Start of Given data

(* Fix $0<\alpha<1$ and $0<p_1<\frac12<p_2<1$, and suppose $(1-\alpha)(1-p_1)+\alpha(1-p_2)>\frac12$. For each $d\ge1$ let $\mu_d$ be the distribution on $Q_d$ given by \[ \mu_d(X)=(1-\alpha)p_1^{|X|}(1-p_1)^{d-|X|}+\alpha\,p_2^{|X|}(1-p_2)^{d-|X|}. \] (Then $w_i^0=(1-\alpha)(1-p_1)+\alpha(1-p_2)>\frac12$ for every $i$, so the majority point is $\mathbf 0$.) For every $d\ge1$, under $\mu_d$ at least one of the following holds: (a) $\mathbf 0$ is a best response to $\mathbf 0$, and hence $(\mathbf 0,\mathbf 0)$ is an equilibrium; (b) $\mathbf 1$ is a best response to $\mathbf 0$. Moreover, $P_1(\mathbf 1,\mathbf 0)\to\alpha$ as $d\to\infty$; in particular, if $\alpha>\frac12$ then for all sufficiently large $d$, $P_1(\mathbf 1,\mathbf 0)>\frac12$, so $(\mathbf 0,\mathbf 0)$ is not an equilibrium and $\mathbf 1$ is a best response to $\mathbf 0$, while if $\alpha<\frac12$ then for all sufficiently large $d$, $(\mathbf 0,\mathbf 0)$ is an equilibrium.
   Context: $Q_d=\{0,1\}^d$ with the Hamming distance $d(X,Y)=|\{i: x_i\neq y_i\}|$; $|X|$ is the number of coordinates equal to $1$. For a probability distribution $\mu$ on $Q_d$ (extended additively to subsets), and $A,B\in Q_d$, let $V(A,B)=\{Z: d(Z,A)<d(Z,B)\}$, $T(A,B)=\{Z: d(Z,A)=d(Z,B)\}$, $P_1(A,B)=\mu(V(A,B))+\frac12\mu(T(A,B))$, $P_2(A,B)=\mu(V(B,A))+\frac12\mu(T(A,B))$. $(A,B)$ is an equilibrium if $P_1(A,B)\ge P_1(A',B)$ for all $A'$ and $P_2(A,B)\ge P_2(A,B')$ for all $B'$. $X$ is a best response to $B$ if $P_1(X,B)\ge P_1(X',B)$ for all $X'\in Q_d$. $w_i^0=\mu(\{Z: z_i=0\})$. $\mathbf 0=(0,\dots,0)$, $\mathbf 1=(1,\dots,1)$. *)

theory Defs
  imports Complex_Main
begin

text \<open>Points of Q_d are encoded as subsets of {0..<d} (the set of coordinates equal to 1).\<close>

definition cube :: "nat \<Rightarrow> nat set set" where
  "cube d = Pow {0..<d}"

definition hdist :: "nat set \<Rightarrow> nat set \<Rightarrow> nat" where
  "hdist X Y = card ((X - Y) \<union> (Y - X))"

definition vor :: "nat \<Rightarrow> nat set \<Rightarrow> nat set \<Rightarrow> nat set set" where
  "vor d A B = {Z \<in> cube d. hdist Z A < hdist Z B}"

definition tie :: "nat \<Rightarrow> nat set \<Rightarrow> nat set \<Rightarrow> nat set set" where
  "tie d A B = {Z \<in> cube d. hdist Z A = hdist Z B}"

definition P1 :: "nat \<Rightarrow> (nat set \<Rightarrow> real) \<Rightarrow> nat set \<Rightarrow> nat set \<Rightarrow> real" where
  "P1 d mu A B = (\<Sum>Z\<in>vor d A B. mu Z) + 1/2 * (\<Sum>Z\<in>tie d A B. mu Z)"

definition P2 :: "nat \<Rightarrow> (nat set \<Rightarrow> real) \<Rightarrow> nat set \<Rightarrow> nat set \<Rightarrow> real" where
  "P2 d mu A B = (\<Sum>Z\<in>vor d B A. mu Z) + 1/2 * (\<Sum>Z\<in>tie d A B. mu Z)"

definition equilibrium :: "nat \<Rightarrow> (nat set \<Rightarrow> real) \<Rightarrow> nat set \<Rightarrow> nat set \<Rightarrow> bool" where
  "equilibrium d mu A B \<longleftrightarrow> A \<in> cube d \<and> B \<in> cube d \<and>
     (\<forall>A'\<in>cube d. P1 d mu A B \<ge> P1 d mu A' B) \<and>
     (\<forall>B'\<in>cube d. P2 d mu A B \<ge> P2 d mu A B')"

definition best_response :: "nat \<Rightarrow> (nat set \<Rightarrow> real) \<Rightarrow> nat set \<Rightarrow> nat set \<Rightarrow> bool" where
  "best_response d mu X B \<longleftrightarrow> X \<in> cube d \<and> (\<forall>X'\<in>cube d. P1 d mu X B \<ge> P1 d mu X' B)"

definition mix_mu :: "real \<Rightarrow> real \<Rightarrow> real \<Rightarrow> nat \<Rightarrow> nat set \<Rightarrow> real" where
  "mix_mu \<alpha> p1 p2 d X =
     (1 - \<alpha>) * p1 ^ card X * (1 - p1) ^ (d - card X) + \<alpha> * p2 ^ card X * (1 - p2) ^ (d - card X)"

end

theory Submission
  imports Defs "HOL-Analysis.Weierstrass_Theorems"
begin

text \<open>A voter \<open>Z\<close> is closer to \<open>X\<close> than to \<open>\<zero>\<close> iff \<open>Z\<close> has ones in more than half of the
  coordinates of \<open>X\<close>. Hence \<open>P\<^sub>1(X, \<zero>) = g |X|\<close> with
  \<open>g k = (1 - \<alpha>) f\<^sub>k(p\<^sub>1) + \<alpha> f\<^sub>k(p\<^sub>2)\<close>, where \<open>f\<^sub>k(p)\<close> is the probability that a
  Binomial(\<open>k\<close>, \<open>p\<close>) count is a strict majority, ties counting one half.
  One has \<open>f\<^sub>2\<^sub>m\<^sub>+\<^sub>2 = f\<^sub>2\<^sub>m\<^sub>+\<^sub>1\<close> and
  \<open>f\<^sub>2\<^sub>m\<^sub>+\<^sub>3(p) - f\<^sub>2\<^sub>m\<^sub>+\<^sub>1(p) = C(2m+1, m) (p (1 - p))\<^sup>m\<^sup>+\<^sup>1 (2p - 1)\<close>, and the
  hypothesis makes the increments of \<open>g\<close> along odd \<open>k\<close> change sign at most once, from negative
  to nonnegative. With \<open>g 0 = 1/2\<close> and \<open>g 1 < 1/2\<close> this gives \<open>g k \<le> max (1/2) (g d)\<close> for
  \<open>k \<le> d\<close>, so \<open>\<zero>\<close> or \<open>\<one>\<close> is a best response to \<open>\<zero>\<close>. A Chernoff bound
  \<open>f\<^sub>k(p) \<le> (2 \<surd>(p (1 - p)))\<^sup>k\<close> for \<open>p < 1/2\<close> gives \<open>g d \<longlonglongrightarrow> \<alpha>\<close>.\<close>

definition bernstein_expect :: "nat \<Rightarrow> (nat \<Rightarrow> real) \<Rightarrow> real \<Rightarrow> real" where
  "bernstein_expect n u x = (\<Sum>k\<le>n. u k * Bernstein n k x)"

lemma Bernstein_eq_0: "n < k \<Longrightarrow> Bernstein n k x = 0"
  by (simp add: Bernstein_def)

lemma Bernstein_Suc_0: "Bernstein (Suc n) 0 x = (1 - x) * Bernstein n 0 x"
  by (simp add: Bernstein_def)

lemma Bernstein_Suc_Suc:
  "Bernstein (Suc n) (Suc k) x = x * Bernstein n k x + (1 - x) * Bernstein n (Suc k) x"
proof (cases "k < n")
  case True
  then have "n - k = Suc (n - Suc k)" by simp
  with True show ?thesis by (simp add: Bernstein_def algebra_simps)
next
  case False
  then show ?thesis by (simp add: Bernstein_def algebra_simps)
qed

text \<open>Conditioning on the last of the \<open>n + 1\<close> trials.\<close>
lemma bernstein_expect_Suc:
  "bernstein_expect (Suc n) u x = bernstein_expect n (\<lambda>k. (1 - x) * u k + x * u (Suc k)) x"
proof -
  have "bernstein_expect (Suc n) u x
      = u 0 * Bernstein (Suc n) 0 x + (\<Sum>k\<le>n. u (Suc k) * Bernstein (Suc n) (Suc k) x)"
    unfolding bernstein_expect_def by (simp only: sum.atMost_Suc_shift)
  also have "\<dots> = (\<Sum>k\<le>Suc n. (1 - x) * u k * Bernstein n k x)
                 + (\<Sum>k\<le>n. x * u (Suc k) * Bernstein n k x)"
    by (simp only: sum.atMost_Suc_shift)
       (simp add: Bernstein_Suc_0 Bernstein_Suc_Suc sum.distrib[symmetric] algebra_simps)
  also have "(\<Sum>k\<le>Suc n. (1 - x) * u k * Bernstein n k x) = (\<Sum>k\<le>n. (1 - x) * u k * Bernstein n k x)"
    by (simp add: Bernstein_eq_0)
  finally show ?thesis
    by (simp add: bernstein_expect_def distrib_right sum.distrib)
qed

End of Given data

→ The task
Would you copy out each line of the records above where the word "zero" occurs?

→ Task output
text \<open>A voter \<open>Z\<close> is closer to \<open>X\<close> than to \<open>\<zero>\<close> iff \<open>Z\<close> has ones in more than half of the
  coordinates of \<open>X\<close>. Hence \<open>P\<^sub>1(X, \<zero>) = g |X|\<close> with
  \<open>k \<le> d\<close>, so \<open>\<zero>\<close> or \<open>\<one>\<close> is a best response to \<open>\<zero>\<close>. A Chernoff bound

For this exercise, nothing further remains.